Our service will be as perfect as that of angels! Then shall we say to ourselves without fear of any inward failure, “Bless the Lord, O my soul, and all that is within me bless His holy name.” There will be no recreant affection then! No erring judgment, no straying passion, no rebellious lust! There will remain nothing which can defile, or weaken, or distract! We shall be perfect, altogether perfect. This is our hope—victory over evil and perfection in all that is good! If this were all our hope it would be marvelous, but there is more to be unfolded. We expect to enjoy security, also, from every danger. As there will be no evil in us, so there will be none around us or about us to cause us alarm. No temporal evil such as pain, bereavement, sorrow, labor, or reproach shall come near us!
All will be security, peace, rest, and enjoyment. No mental evil will intrude upon us in Heaven. No doubts, no staggering difficulties, no fears, no bewilderments will cause us distress.
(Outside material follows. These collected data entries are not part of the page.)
(* Let $\beta\in\mathbb{C}$ with $|\beta|=1$, let $m\in\mathrm{Hol}(\mathbb{D})$, $m\not\equiv0$, and let $T:\mathrm{Hol}(\mathbb{D})\to\mathrm{Hol}(\mathbb{D})$ be given by $(Tf)(z)=m(z)f(\beta z)$. Then $\sigma(T)=\beta\sigma(T)\cup\{m(0)\}$.
   Context: $\mathbb{D}$ is the open unit disc, $\mathrm{Hol}(\mathbb{D})$ the Fréchet space of holomorphic functions on $\mathbb{D}$. $\sigma(T)$ is the set of $\lambda\in\mathbb{C}$ such that $\lambda\mathrm{Id}-T$ is not bijective on $\mathrm{Hol}(\mathbb{D})$, and $\beta\sigma(T)=\{\beta\lambda:\lambda\in\sigma(T)\}$. *)

theory Defs
  imports "HOL-Complex_Analysis.Complex_Analysis"
begin

text \<open>Hol(D), represented canonically: holomorphic functions on the unit disc,
  normalised to be 0 outside the disc (so that equality of elements is equality on D).\<close>
definition hol_disc :: "(complex \<Rightarrow> complex) set" where
  "hol_disc = {f. f holomorphic_on ball 0 1 \<and> (\<forall>z. z \<notin> ball 0 1 \<longrightarrow> f z = 0)}"

definition hol_spectrum :: "((complex \<Rightarrow> complex) \<Rightarrow> (complex \<Rightarrow> complex)) \<Rightarrow> complex set" where
  "hol_spectrum T = {l. \<not> bij_betw (\<lambda>f z. l * f z - T f z) hol_disc hol_disc}"

definition wcomp_op :: "(complex \<Rightarrow> complex) \<Rightarrow> complex \<Rightarrow> (complex \<Rightarrow> complex) \<Rightarrow> (complex \<Rightarrow> complex)" where
  "wcomp_op m \<beta> f = (\<lambda>z. if z \<in> ball 0 1 then m z * f (\<beta> * z) else 0)"

end

theory Submission
  imports Defs
begin

text \<open>Write \<open>L(\<lambda>) = \<lambda> - T\<close>. Since \<open>L(\<lambda>) f (0) = (\<lambda> - m(0)) f(0)\<close>, the constant \<open>1\<close>
  is not in the range of \<open>L(m(0))\<close>, and for \<open>\<lambda> \<noteq> m(0)\<close> the operator \<open>L(\<lambda>)\<close> is bijective
  on \<open>Hol(D)\<close> iff it is bijective on the subspace of functions vanishing at \<open>0\<close>.
  Multiplication by \<open>z\<close> maps \<open>Hol(D)\<close> bijectively onto that subspace and intertwines:
  \<open>L(\<lambda>) (z f) = z \<beta> L(\<lambda>/\<beta>) f\<close>. Hence \<open>\<lambda> \<in> \<sigma>(T) \<longleftrightarrow> \<lambda>/\<beta> \<in> \<sigma>(T)\<close> for \<open>\<lambda> \<noteq> m(0)\<close>.\<close>

definition shift_op :: "complex \<Rightarrow> ((complex \<Rightarrow> complex) \<Rightarrow> (complex \<Rightarrow> complex))
    \<Rightarrow> (complex \<Rightarrow> complex) \<Rightarrow> (complex \<Rightarrow> complex)" where
  "shift_op l T = (\<lambda>f z. l * f z - T f z)"

definition hol_disc_vanishing :: "(complex \<Rightarrow> complex) set" where
  "hol_disc_vanishing = {f \<in> hol_disc. f 0 = 0}"

definition mult_by_z :: "(complex \<Rightarrow> complex) \<Rightarrow> (complex \<Rightarrow> complex)" where
  "mult_by_z f = (\<lambda>z. z * f z)"

definition disc_const :: "complex \<Rightarrow> (complex \<Rightarrow> complex)" where
  "disc_const c = (\<lambda>z. if z \<in> ball 0 1 then c else 0)"

lemma mem_hol_spectrum_iff: "l \<in> hol_spectrum T \<longleftrightarrow> \<not> bij_betw (shift_op l T) hol_disc hol_disc"
  by (simp add: hol_spectrum_def shift_op_def)

lemma hol_discI: "f holomorphic_on ball 0 1 \<Longrightarrow> (\<And>z. z \<notin> ball 0 1 \<Longrightarrow> f z = 0) \<Longrightarrow> f \<in> hol_disc"
  by (simp add: hol_disc_def)

lemma hol_disc_holomorphic: "f \<in> hol_disc \<Longrightarrow> f holomorphic_on ball 0 1"
  by (simp add: hol_disc_def)

lemma hol_disc_outside: "f \<in> hol_disc \<Longrightarrow> z \<notin> ball 0 1 \<Longrightarrow> f z = 0"
  by (simp add: hol_disc_def)

lemma hol_disc_add: "f \<in> hol_disc \<Longrightarrow> g \<in> hol_disc \<Longrightarrow> (\<lambda>z. f z + g z) \<in> hol_disc"
  unfolding hol_disc_def by (auto intro!: holomorphic_intros)

lemma hol_disc_diff: "f \<in> hol_disc \<Longrightarrow> g \<in> hol_disc \<Longrightarrow> (\<lambda>z. f z - g z) \<in> hol_disc"
  unfolding hol_disc_def by (auto intro!: holomorphic_intros)

lemma hol_disc_cmult: "f \<in> hol_disc \<Longrightarrow> (\<lambda>z. c * f z) \<in> hol_disc"
  unfolding hol_disc_def by (auto intro!: holomorphic_intros)

lemma disc_const_in_hol_disc: "disc_const c \<in> hol_disc"
proof (rule hol_discI)
  show "disc_const c holomorphic_on ball 0 1"
    by (rule holomorphic_transform[of "\<lambda>z. c"]) (auto simp: disc_const_def)
qed (simp add: disc_const_def)

lemma bij_betw_cmult_hol_disc:
  assumes "c \<noteq> 0"
  shows "bij_betw (\<lambda>f z. c * f z) hol_disc hol_disc"
  by (rule bij_betw_byWitness[where f' = "\<lambda>f z. inverse c * f z"])
     (use assms in \<open>auto intro: hol_disc_cmult\<close>)

lemma bij_betw_mult_by_z: "bij_betw mult_by_z hol_disc hol_disc_vanishing"
proof (rule bij_betw_byWitness[where f' = "\<lambda>g z. if z = 0 then deriv g 0 else g z / z"])
  show "\<forall>f\<in>hol_disc. (\<lambda>z. if z = 0 then deriv (mult_by_z f) 0 else mult_by_z f z / z) = f"
  proof
    fix f assume f: "f \<in> hol_disc"
    have "f field_differentiable at 0"
      using hol_disc_holomorphic[OF f] by (rule holomorphic_on_imp_differentiable_at) auto
    then show "(\<lambda>z. if z = 0 then deriv (mult_by_z f) 0 else mult_by_z f z / z) = f"
      by (auto simp: mult_by_z_def fun_eq_iff)
  qed
  show "(\<lambda>g z. if z = 0 then deriv g 0 else g z / z) ` hol_disc_vanishing \<subseteq> hol_disc"
  proof clarify
    fix g assume "g \<in> hol_disc_vanishing"
    then have g: "g \<in> hol_disc" "g 0 = 0" by (auto simp: hol_disc_vanishing_def)
    have "(\<lambda>z. if z = 0 then deriv g 0 else (g z - g 0) / (z - 0)) holomorphic_on ball 0 1"
      by (rule pole_lemma_open) (auto intro: hol_disc_holomorphic[OF g(1)])
    then have "(\<lambda>z. if z = 0 then deriv g 0 else g z / z) holomorphic_on ball 0 1"
      by (rule holomorphic_transform) (simp add: g(2))
    with g show "(\<lambda>z. if z = 0 then deriv g 0 else g z / z) \<in> hol_disc"
      by (auto intro!: hol_discI simp: hol_disc_outside)
  qed
qed (auto simp: hol_disc_vanishing_def mult_by_z_def hol_disc_def intro!: holomorphic_intros)

lemma wcomp_op_in_hol_disc:
  assumes "norm \<beta> \<le> 1" "m holomorphic_on ball 0 1" "f \<in> hol_disc"
  shows "wcomp_op m \<beta> f \<in> hol_disc"
proof (rule hol_discI)
  have "f \<circ> (\<lambda>z. \<beta> * z) holomorphic_on ball 0 1"
  proof (rule holomorphic_on_compose)
    show "f holomorphic_on (\<lambda>z. \<beta> * z) ` ball 0 1"
      using hol_disc_holomorphic[OF assms(3)]
    proof (rule holomorphic_on_subset)
      show "(\<lambda>z. \<beta> * z) ` ball 0 1 \<subseteq> ball 0 1"
        using assms(1) by (auto simp: norm_mult) (smt (verit) mult_left_le_one_le norm_ge_zero)
    qed
  qed (intro holomorphic_intros)
  then have "(\<lambda>z. m z * f (\<beta> * z)) holomorphic_on ball 0 1"
    using assms(2) by (auto intro!: holomorphic_intros simp: o_def)
  then show "wcomp_op m \<beta> f holomorphic_on ball 0 1"
    by (rule holomorphic_transform) (simp add: wcomp_op_def)
qed (simp add: wcomp_op_def)

lemma shift_op_wcomp_op_in_hol_disc:
  "norm \<beta> \<le> 1 \<Longrightarrow> m holomorphic_on ball 0 1 \<Longrightarrow> f \<in> hol_disc
    \<Longrightarrow> shift_op l (wcomp_op m \<beta>) f \<in> hol_disc"
  unfolding shift_op_def by (intro hol_disc_diff hol_disc_cmult wcomp_op_in_hol_disc)

lemma shift_op_wcomp_op_at_0: "shift_op l (wcomp_op m \<beta>) f 0 = (l - m 0) * f 0"
  by (simp add: shift_op_def wcomp_op_def algebra_simps)

lemma shift_op_wcomp_op_add:
  "shift_op l (wcomp_op m \<beta>) (\<lambda>z. f z + g z)
    = (\<lambda>z. shift_op l (wcomp_op m \<beta>) f z + shift_op l (wcomp_op m \<beta>) g z)"
  by (simp add: shift_op_def wcomp_op_def fun_eq_iff algebra_simps)

lemma shift_op_wcomp_op_diff:
  "shift_op l (wcomp_op m \<beta>) (\<lambda>z. f z - g z)
    = (\<lambda>z. shift_op l (wcomp_op m \<beta>) f z - shift_op l (wcomp_op m \<beta>) g z)"
  by (simp add: shift_op_def wcomp_op_def fun_eq_iff algebra_simps)

lemma shift_op_wcomp_op_mult_by_z:
  assumes "\<beta> \<noteq> 0"
  shows "shift_op l (wcomp_op m \<beta>) \<circ> mult_by_z
    = mult_by_z \<circ> ((\<lambda>f z. \<beta> * f z) \<circ> shift_op (l / \<beta>) (wcomp_op m \<beta>))"
  using assms by (simp add: shift_op_def wcomp_op_def mult_by_z_def fun_eq_iff algebra_simps)

lemma bij_betw_shift_op_wcomp_op_iff_vanishing:
  assumes "norm \<beta> \<le> 1" "m holomorphic_on ball 0 1" "l \<noteq> m 0"
  shows "bij_betw (shift_op l (wcomp_op m \<beta>)) hol_disc hol_disc
    \<longleftrightarrow> bij_betw (shift_op l (wcomp_op m \<beta>)) hol_disc_vanishing hol_disc_vanishing"
    (is "bij_betw ?L _ _ \<longleftrightarrow> _")
proof
  have maps: "?L f \<in> hol_disc" if "f \<in> hol_disc" for f
    using assms(1,2) that by (rule shift_op_wcomp_op_in_hol_disc)
  have vanishing_iff: "?L f \<in> hol_disc_vanishing \<longleftrightarrow> f \<in> hol_disc_vanishing" if "f \<in> hol_disc" for f
    using assms(3) that maps by (simp add: hol_disc_vanishing_def shift_op_wcomp_op_at_0)
  have sub: "hol_disc_vanishing \<subseteq> hol_disc"
    by (auto simp: hol_disc_vanishing_def)
  show "bij_betw ?L hol_disc_vanishing hol_disc_vanishing" if bij: "bij_betw ?L hol_disc hol_disc"
  proof (rule bij_betw_subset[OF bij sub])
    show "?L ` hol_disc_vanishing = hol_disc_vanishing"
    proof (intro equalityI subsetI)
      fix g assume g: "g \<in> hol_disc_vanishing"
      then have "g \<in> ?L ` hol_disc"
        using sub bij_betw_imp_surj_on[OF bij] by auto
      then obtain f where f: "f \<in> hol_disc" "g = ?L f"
        by blast
      with g vanishing_iff have "f \<in> hol_disc_vanishing"
        by simp
      with f(2) show "g \<in> ?L ` hol_disc_vanishing"
        by (rule image_eqI)
    qed (use sub vanishing_iff in auto)
  qed
  show "bij_betw ?L hol_disc hol_disc" if bij0: "bij_betw ?L hol_disc_vanishing hol_disc_vanishing"
  proof (rule bij_betw_imageI)
    have zero: "(\<lambda>z. 0) \<in> hol_disc_vanishing" "?L (\<lambda>z. 0) = (\<lambda>z. 0)"
      by (auto simp: hol_disc_vanishing_def hol_disc_def shift_op_def wcomp_op_def fun_eq_iff)
    show "inj_on ?L hol_disc"
    proof (rule inj_onI)
      fix f g assume f: "f \<in> hol_disc" and g: "g \<in> hol_disc" and eq: "?L f = ?L g"
      have diff: "?L (\<lambda>z. f z - g z) = (\<lambda>z. 0)"
        using eq by (simp add: shift_op_wcomp_op_diff)
      then have fg: "(\<lambda>z. f z - g z) \<in> hol_disc_vanishing"
        using vanishing_iff[OF hol_disc_diff[OF f g]] zero(1) by simp
      have "(\<lambda>z. f z - g z) = (\<lambda>z. 0)"
        by (rule inj_onD[OF bij_betw_imp_inj_on[OF bij0] _ fg zero(1)]) (simp add: diff zero(2))
      then show "f = g"
        by (simp add: fun_eq_iff)
    qed
    show "?L ` hol_disc = hol_disc"
    proof (intro equalityI subsetI)
      fix g assume g: "g \<in> hol_disc"
      define c where "c = g 0 / (l - m 0)"
      have "(\<lambda>z. g z - ?L (disc_const c) z) \<in> hol_disc_vanishing"
        using assms(3) g maps[OF disc_const_in_hol_disc]
        by (simp add: hol_disc_vanishing_def hol_disc_diff shift_op_wcomp_op_at_0 disc_const_def c_def)
      then have "(\<lambda>z. g z - ?L (disc_const c) z) \<in> ?L ` hol_disc_vanishing"
        using bij_betw_imp_surj_on[OF bij0] by simp
      then obtain h where h: "(\<lambda>z. g z - ?L (disc_const c) z) = ?L h" "h \<in> hol_disc_vanishing"
        by (rule imageE)
      then have "g = ?L (\<lambda>z. disc_const c z + h z)"
        by (simp add: shift_op_wcomp_op_add flip: h(1))
      moreover have "(\<lambda>z. disc_const c z + h z) \<in> hol_disc"
        using h(2) sub by (auto intro: hol_disc_add disc_const_in_hol_disc)
      ultimately show "g \<in> ?L ` hol_disc"
        by (rule image_eqI)
    qed (auto intro: maps)
  qed
qed

lemma bij_betw_shift_op_wcomp_op_iff:
  assumes "\<beta> \<noteq> 0" "norm \<beta> \<le> 1" "m holomorphic_on ball 0 1" "l \<noteq> m 0"
  shows "bij_betw (shift_op l (wcomp_op m \<beta>)) hol_disc hol_disc
    \<longleftrightarrow> bij_betw (shift_op (l / \<beta>) (wcomp_op m \<beta>)) hol_disc hol_disc"
proof -
  have maps: "shift_op (l / \<beta>) (wcomp_op m \<beta>) ` hol_disc \<subseteq> hol_disc"
    using assms(2,3) shift_op_wcomp_op_in_hol_disc by blast
  have "bij_betw (shift_op l (wcomp_op m \<beta>)) hol_disc hol_disc
      \<longleftrightarrow> bij_betw (shift_op l (wcomp_op m \<beta>)) hol_disc_vanishing hol_disc_vanishing"
    using assms(2-4) by (rule bij_betw_shift_op_wcomp_op_iff_vanishing)
  also have "\<dots> \<longleftrightarrow> bij_betw (shift_op l (wcomp_op m \<beta>) \<circ> mult_by_z) hol_disc hol_disc_vanishing"
    by (rule bij_betw_comp_iff[OF bij_betw_mult_by_z])
  also have "\<dots> \<longleftrightarrow> bij_betw ((\<lambda>f z. \<beta> * f z) \<circ> shift_op (l / \<beta>) (wcomp_op m \<beta>)) hol_disc hol_disc"
    unfolding shift_op_wcomp_op_mult_by_z[OF assms(1)]
    by (rule bij_betw_comp_iff2[OF bij_betw_mult_by_z, symmetric])
       (use maps in \<open>auto simp: image_subset_iff intro!: hol_disc_cmult\<close>)
  also have "\<dots> \<longleftrightarrow> bij_betw (shift_op (l / \<beta>) (wcomp_op m \<beta>)) hol_disc hol_disc"
    by (rule bij_betw_comp_iff2[OF bij_betw_cmult_hol_disc[OF assms(1)] maps, symmetric])
  finally show ?thesis .
qed

lemma m0_in_hol_spectrum_wcomp_op: "m 0 \<in> hol_spectrum (wcomp_op m \<beta>)"
proof (rule ccontr)
  assume "m 0 \<notin> hol_spectrum (wcomp_op m \<beta>)"
  then have "disc_const 1 \<in> shift_op (m 0) (wcomp_op m \<beta>) ` hol_disc"
    using disc_const_in_hol_disc by (simp add: mem_hol_spectrum_iff bij_betw_imp_surj_on)
  then obtain f where "shift_op (m 0) (wcomp_op m \<beta>) f = disc_const 1"
    by (auto simp: image_iff)
  then have "shift_op (m 0) (wcomp_op m \<beta>) f 0 = 1"
    by (simp add: disc_const_def)
  then show False
    by (simp add: shift_op_wcomp_op_at_0)
qed

lemma mem_hol_spectrum_wcomp_op_iff:
  "\<beta> \<noteq> 0 \<Longrightarrow> norm \<beta> \<le> 1 \<Longrightarrow> m holomorphic_on ball 0 1 \<Longrightarrow> l \<noteq> m 0
    \<Longrightarrow> l \<in> hol_spectrum (wcomp_op m \<beta>) \<longleftrightarrow> l / \<beta> \<in> hol_spectrum (wcomp_op m \<beta>)"
  by (simp add: mem_hol_spectrum_iff bij_betw_shift_op_wcomp_op_iff)

theorem theorem2p1:
  fixes \<beta> :: complex and m :: "complex \<Rightarrow> complex"
  assumes "norm \<beta> = 1"
    and "m holomorphic_on ball 0 1"
    and "\<exists>z\<in>ball 0 1. m z \<noteq> 0"
  shows "hol_spectrum (wcomp_op m \<beta>) = (\<lambda>l. \<beta> * l) ` hol_spectrum (wcomp_op m \<beta>) \<union> {m 0}"
proof -
  have \<beta>: "\<beta> \<noteq> 0" "norm \<beta> \<le> 1"
    using assms(1) by auto
  have scaled_iff: "l \<in> (\<lambda>l. \<beta> * l) ` S \<longleftrightarrow> l / \<beta> \<in> S" for l and S :: "complex set"
    using \<beta>(1) by (auto intro: image_eqI[where x = "l / \<beta>"])
  show ?thesis
  proof (intro set_eqI)
    fix l
    show "l \<in> hol_spectrum (wcomp_op m \<beta>)
      \<longleftrightarrow> l \<in> (\<lambda>l. \<beta> * l) ` hol_spectrum (wcomp_op m \<beta>) \<union> {m 0}"
      using mem_hol_spectrum_wcomp_op_iff[OF \<beta> assms(2)] m0_in_hol_spectrum_wcomp_op
      by (cases "l = m 0") (auto simp: scaled_iff)
  qed
qed

end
Here we see through a glass darkly and we know in part—but there we shall see face to face and know even as we are known! Oh, to be free from mental trouble! What a relief will this be to many a doubting Thomas! This is a marvelous hope! And then no spiritual enemy will assail us. No world, no flesh, no devil will mar our rest above. What will you make out of it, you tried ones? Your Sabbaths are very sweet now on earth, but when they are over, you have to return to yon cold world again. But there your Sabbath shall never end and your separation from the wicked will be complete!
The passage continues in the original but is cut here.